Second, corporate profits are going down. They are going down because they always go down after they go up. That’s the way the world works. Whenever you can make an exceptional amount of money there arise an exceptional number of people who want to take it from you. Competition narrows profit margins. Some companies are making exceptional profits because they have been able to outsource labor to Asia… but Asian labor rates are rising, too. Other companies have made an exceptional amount of money because they have gotten into the finance business – like General Motors (NYSE:GM). But, suddenly, finance ain’t the business it was a couple of years ago. One way or another, profit margins will contract.
Third, stock prices will go down. Here, too, they could go down in nominal terms… or they could be taken down by inflation. One way or another, stocks will go down. Why? Because profit margins are going down. Because risk premiums are going up. And because the tide of money that held up asset prices is ebbing away.
Fourth, the middle class in America and Britain will have to make do with less money. Standards of living will fall for average people in both countries. Their major assets – houses – are going down. They are already deeply in debt, while the price of debt is rising. The only way they can hope to make financial progress is to earn more. But, faced with two billion willing wage earners in Asia, rising wages in the two leading Anglo-Saxon countries seem unlikely. At the very least, it would require huge new investments in capital equipment and training – money that is now being squandered on consumption and war.

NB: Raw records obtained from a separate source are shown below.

locale delayed_feedback_loop = random_delays_and_noise M tau p ts v
  for M :: "'a measure" and tau p ts v +
  fixes \<alpha> :: "nat \<Rightarrow> real"
    and u y ud :: "nat \<Rightarrow> 'a \<Rightarrow> real"
    and AP :: "real^'n^'n" and BP CP :: "real^'n" and xP :: "nat \<Rightarrow> 'a \<Rightarrow> real^'n"
    and AK :: "real^'m^'m" and BK CK :: "real^'m" and DK :: real
    and xK :: "nat \<Rightarrow> 'a \<Rightarrow> real^'m"
  assumes xP0: "\<And>x. xP 0 x = 0"
    and xPS: "\<And>k x. xP (Suc k) x = AP *v xP k x + (v k x - ud k x) *\<^sub>R BP"
    and yP: "\<And>k x. y k x = CP \<bullet> xP k x"
    and xK0: "\<And>x. xK 0 x = 0"
    and xKS: "\<And>k x. xK (Suc k) x = AK *v xK k x + y k x *\<^sub>R BK"
    and uK: "\<And>k x. u k x = CK \<bullet> xK k x + DK * y k x"
    and ud_def: "\<And>k x. ud k x =
        (\<Sum>i\<le>tau. \<alpha> i * kdelta (int (ts (k - i) x) - int i) * sig_ext u (int k - int i) x)"
begin

lemma admissible_output:
  assumes "admissible n k (xP k)" "admissible n k (xK k)"
  shows "admissible n k (u k)"
proof -
  have "u k = (\<lambda>x. CK \<bullet> xK k x + DK * (CP \<bullet> xP k x))"
    by (simp add: fun_eq_iff uK yP)
  moreover have "admissible n k (\<lambda>x. CK \<bullet> xK k x + DK * (CP \<bullet> xP k x))"
    using assms
    by (intro admissible_add admissible_bounded_linear[where L = "\<lambda>z. CK \<bullet> z"]
        admissible_bounded_linear[where L = "\<lambda>z. DK * (CP \<bullet> z)"])
      (auto intro: bounded_linear_inner_right
        bounded_linear_compose[OF bounded_linear_mult_right bounded_linear_inner_right])
  ultimately show ?thesis
    by simp
qed

lemma admissible_channel_output:
  assumes u: "\<And>k. k \<le> l \<Longrightarrow> admissible n l (u k)" and "l < n"
  shows "admissible n l (ud l)"
proof -
  have "admissible n l (\<lambda>x. (\<alpha> i * kdelta (int (ts (l - i) x) - int i)) * sig_ext u (int l - int i) x)"
    for i
  proof (rule admissible_mult_bounded)
    show "(\<lambda>x. \<alpha> i * kdelta (int (ts (l - i) x) - int i)) \<in> borel_measurable (history n)"
      using \<open>l < n\<close> by (intro measurable_delay_fun_history) simp
    show "\<bar>\<alpha> i * kdelta (int (ts (l - i) x) - int i)\<bar> \<le> \<bar>\<alpha> i\<bar>" for x
      by (simp add: kdelta_def)
    show "admissible n l (sig_ext u (int l - int i))"
      using u by (simp add: sig_ext_diff admissible_zero)
  qed
  then have "admissible n l (\<lambda>x. \<Sum>i\<le>tau. \<alpha> i * kdelta (int (ts (l - i) x) - int i) * sig_ext u (int l - int i) x)"
    by (intro admissible_sum) simp_all
  then show ?thesis
    by (simp add: ud_def[abs_def])
qed

lemma admissible_state:
  "m \<le> n \<Longrightarrow> admissible n m (xP m) \<and> admissible n m (xK m)"
proof (induction m rule: less_induct)
  case (less m)
  show ?case
  proof (cases m)
    case 0
    have "xP 0 = (\<lambda>x. 0)" "xK 0 = (\<lambda>x. 0)"
      by (simp_all add: fun_eq_iff xP0 xK0)
    then show ?thesis
      using 0 by (simp add: admissible_zero)
  next
    case (Suc l)
    have u: "admissible n l (u k)" if "k \<le> l" for k
    proof -
      have "admissible n k (xP k) \<and> admissible n k (xK k)"
        using less.IH[of k] less.prems that Suc by simp
      then show ?thesis
        using that by (blast intro: admissible_output admissible_mono)
    qed
    have ud: "admissible n l (ud l)"
      using u less.prems Suc by (intro admissible_channel_output) simp_all
    have y: "admissible n l (y l)"
      using less.IH[of l] less.prems Suc
      by (simp add: yP[abs_def] admissible_bounded_linear bounded_linear_inner_right)
    have "admissible n m (\<lambda>x. AP *v xP l x + (v l x - ud l x) *\<^sub>R BP)"
      using less.IH[of l] less.prems Suc ud
      by (intro admissible_add admissible_bounded_linear[where L = "\<lambda>z. AP *v z"]
          admissible_bounded_linear[where L = "\<lambda>r. r *\<^sub>R BP"] admissible_diff admissible_noise)
        (auto intro: admissible_mono bounded_linear_scaleR_left)
    moreover have "admissible n m (\<lambda>x. AK *v xK l x + y l x *\<^sub>R BK)"
      using less.IH[of l] less.prems Suc y
      by (intro admissible_add admissible_bounded_linear[where L = "\<lambda>z. AK *v z"]
          admissible_bounded_linear[where L = "\<lambda>r. r *\<^sub>R BK"])
        (auto intro: admissible_mono bounded_linear_scaleR_left)
    ultimately show ?thesis
      using Suc by (simp add: xPS[abs_def] xKS[abs_def])
  qed
qed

What about gold? The yellow metal seems ready for a correction. It has gone up so fast, it probably needs to take a breather.

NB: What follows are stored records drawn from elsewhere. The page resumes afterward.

lemma P_op_fourier_series:
  assumes c: "(\<lambda>k. norm (c k)) summable_on UNIV"
  shows "P_op u (fourier_series c) x = (\<Sum>\<^sub>\<infinity>k\<in>{k. \<forall>j. j \<notin> u \<longrightarrow> k$j = 0}. c k * torus_char k x)"
proof -
  have "P_op u (fourier_series c) x = (LINT y|torus_measure. (\<Sum>\<^sub>\<infinity>k. c k * torus_char k (merge_coords u x y)))"
    by (simp add: P_op_conv_merge_coords fourier_series_def)
  also have "\<dots> = (\<Sum>\<^sub>\<infinity>k. c k * (LINT y|torus_measure. torus_char k (merge_coords u x y)))"
    by (rule integral_infsum_bounded(2)[OF finite_measure_torus_measure c])
       (simp_all add: measurable_torus_char_merge_coords)
  also have "\<dots> = (\<Sum>\<^sub>\<infinity>k\<in>{k. \<forall>j. j \<notin> u \<longrightarrow> k$j = 0}. c k * torus_char k x)"
  proof -
    have "c k * (LINT y|torus_measure. torus_char k (merge_coords u x y))
        = (if \<forall>j. j \<notin> u \<longrightarrow> k$j = 0 then c k * torus_char k x else 0)" for k
    proof -
      have "vec_restrict (- u) k = 0 \<longleftrightarrow> (\<forall>j. j \<notin> u \<longrightarrow> k$j = 0)"
        by (auto simp: vec_restrict_def vec_eq_iff)
      moreover have "(\<forall>j. j \<notin> u \<longrightarrow> k$j = 0) \<Longrightarrow> vec_restrict u k = k"
        by (auto simp: vec_restrict_def vec_eq_iff)
      ultimately show ?thesis
        by (auto simp: torus_char_merge_coords integral_torus_char)
    qed
    then show ?thesis
      by (intro infsum_cong_neutral) auto
  qed
  finally show ?thesis .
qed

declare anova.simps [simp del]

lemma anova_apply: "anova g u x = P_op u g x - (\<Sum>v\<in>{v. v \<subset> u}. anova g v x)"
  by (rule fun_cong[OF anova.simps])
theorem corollary2:
  fixes U :: "(real^('n::enum)) set"
    and a :: "real^('n::enum) \<Rightarrow> real^('n::enum)^('n::enum)"
    and b :: "real^('n::enum) \<Rightarrow> real^('n::enum) \<Rightarrow> real^('n::enum)^('n::enum)"
    and l q :: nat
  assumes "hydro_bracket U a b"
    and "nondegenerate U a"
    and "poisson_DN U a b"
    and "from_kinetic_model U a b"
    and "bracket_signature U a b l q"
  shows "l \<ge> 1 \<and> q \<ge> 1"
proof -
  obtain nu J g where flat: "flat_coordinates U a b nu J g"
    and "pos_index g = l" "neg_index g = q"
    using assms(5) unfolding bracket_signature_def by blast
  obtain u y where "u \<in> U" "y \<noteq> 0" "inner y (a u *v y) = 0"
    using assms(4) by (rule from_kinetic_model_isotropic)
  with flat obtain x where "x \<noteq> 0" "inner x (g *v x) = 0"
    by (rule flat_coordinates_isotropic)
  moreover have "transpose g = g" "invertible g"
    using flat unfolding flat_coordinates_def by auto
  ultimately show ?thesis
    using nondegenerate_isotropic_signature \<open>pos_index g = l\<close> \<open>neg_index g = q\<close> by blast
qed

end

But gold, too, is almost sure to rise over the long run. It is the anti-dollar… the anti-dote to financial engineering, debt, derivatives, and paper currencies generally. It is what people buy when they begin to doubt that their financial authorities know what they are doing. Our guess: gold is a cinch to rise.
But wait, dear reader. We are also facing a possible financial meltdown of monumental size. As stocks, houses, and sophisticated financial instruments lose their value… “wealth” disappears. People have fewer dollars to spend… and they grow less eager to part with them. In dollar terms, the price of gold could stabilize… or even fall. Still, given the scarcity of gold… and its record of protecting people in times of crisis, we guess that the real price of gold will go up… even in a generalized, Japan-like deflation.
But, we’re a long way from there. As far as most of the world is concerned, we’re still in a boom… prices are rising… and gold looks like a good hedge against inflation. Just a guess: Look for a correction in the short-term… and then, another run-up which will take the price over $1,000.